Contrary to the long-standing sci-fi trope, future humans will not live out their existence in virtual-reality cocoons, floating in tanks as computers construct a little synthetic bubble around them. Rather, we'll virtualize our entire environment, so that the entire world around us is a synthetic place. The technology to do this is most of the way there; it's only a couple cranks of Moore's Law away.
Google's proposal for magic glasses provide the display mechanism:
But why stop with a translucent overlay of information? Why not create a full-motion, three-dimensional world on the fly?

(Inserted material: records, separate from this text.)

section \<open>Module structures induced by surjections\<close>

lemma abelian_group_surj_image:
  assumes K: "abelian_group K" and onto: "q ` carrier K = carrier Q"
    and add: "\<And>a b. a \<in> carrier K \<Longrightarrow> b \<in> carrier K \<Longrightarrow> q (a \<oplus>\<^bsub>K\<^esub> b) = q a \<oplus>\<^bsub>Q\<^esub> q b"
    and zero: "\<zero>\<^bsub>Q\<^esub> = q \<zero>\<^bsub>K\<^esub>"
  shows "abelian_group Q"
proof -
  interpret K: abelian_group K by fact
  have q: "q a \<in> carrier Q" if "a \<in> carrier K" for a
    using onto that by auto
  have pre: "\<exists>a\<in>carrier K. x = q a" if "x \<in> carrier Q" for x
    using onto that by auto
  show ?thesis
  proof (rule abelian_groupI)
    fix x y assume "x \<in> carrier Q" "y \<in> carrier Q"
    with pre obtain a b where "a \<in> carrier K" "b \<in> carrier K" "x = q a" "y = q b" by meson
    then show "x \<oplus>\<^bsub>Q\<^esub> y \<in> carrier Q" by (simp flip: add add: q)
  next
    show "\<zero>\<^bsub>Q\<^esub> \<in> carrier Q" using zero q by simp
  next
    fix x y z assume "x \<in> carrier Q" "y \<in> carrier Q" "z \<in> carrier Q"
    with pre obtain a b c where "a \<in> carrier K" "b \<in> carrier K" "c \<in> carrier K"
      "x = q a" "y = q b" "z = q c" by meson
    then show "x \<oplus>\<^bsub>Q\<^esub> y \<oplus>\<^bsub>Q\<^esub> z = x \<oplus>\<^bsub>Q\<^esub> (y \<oplus>\<^bsub>Q\<^esub> z)" by (simp flip: add add: K.a_assoc)
  next
    fix x y assume "x \<in> carrier Q" "y \<in> carrier Q"
    with pre obtain a b where "a \<in> carrier K" "b \<in> carrier K" "x = q a" "y = q b" by meson
    then show "x \<oplus>\<^bsub>Q\<^esub> y = y \<oplus>\<^bsub>Q\<^esub> x" by (simp flip: add add: K.a_comm)
  next
    fix x assume "x \<in> carrier Q"
    with pre obtain a where "a \<in> carrier K" "x = q a" by meson
    then show "\<zero>\<^bsub>Q\<^esub> \<oplus>\<^bsub>Q\<^esub> x = x" by (simp add: zero flip: add)
  next
    fix x assume "x \<in> carrier Q"
    with pre obtain a where a: "a \<in> carrier K" "x = q a" by meson
    then have "q (\<ominus>\<^bsub>K\<^esub> a) \<oplus>\<^bsub>Q\<^esub> x = \<zero>\<^bsub>Q\<^esub>" by (simp add: zero K.l_neg flip: add)
    then show "\<exists>y\<in>carrier Q. y \<oplus>\<^bsub>Q\<^esub> x = \<zero>\<^bsub>Q\<^esub>" using q a(1) by blast
  qed
qed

I imagine a future in which you get up in the morning, slip on your magic glasses and your gray jumpsuit with the little motion-capture balls, and head out to face the day. As you encounter other people, the cameras in your glasses read the position and movement of the motion-capture balls on their suits and construct an armature describing their motion. Then the computer in your glasses receives an appearance file from the other person's magic-glasses computer, wraps that body around the motion-capture armature, and presents the other person to you exactly as he/she wishes to be seen. At the same time, of course, the other person's camera is capturing your motion, receiving your preferred appearance from your magic-glasses computer, and displaying to the other person the you that you'd like the world to see.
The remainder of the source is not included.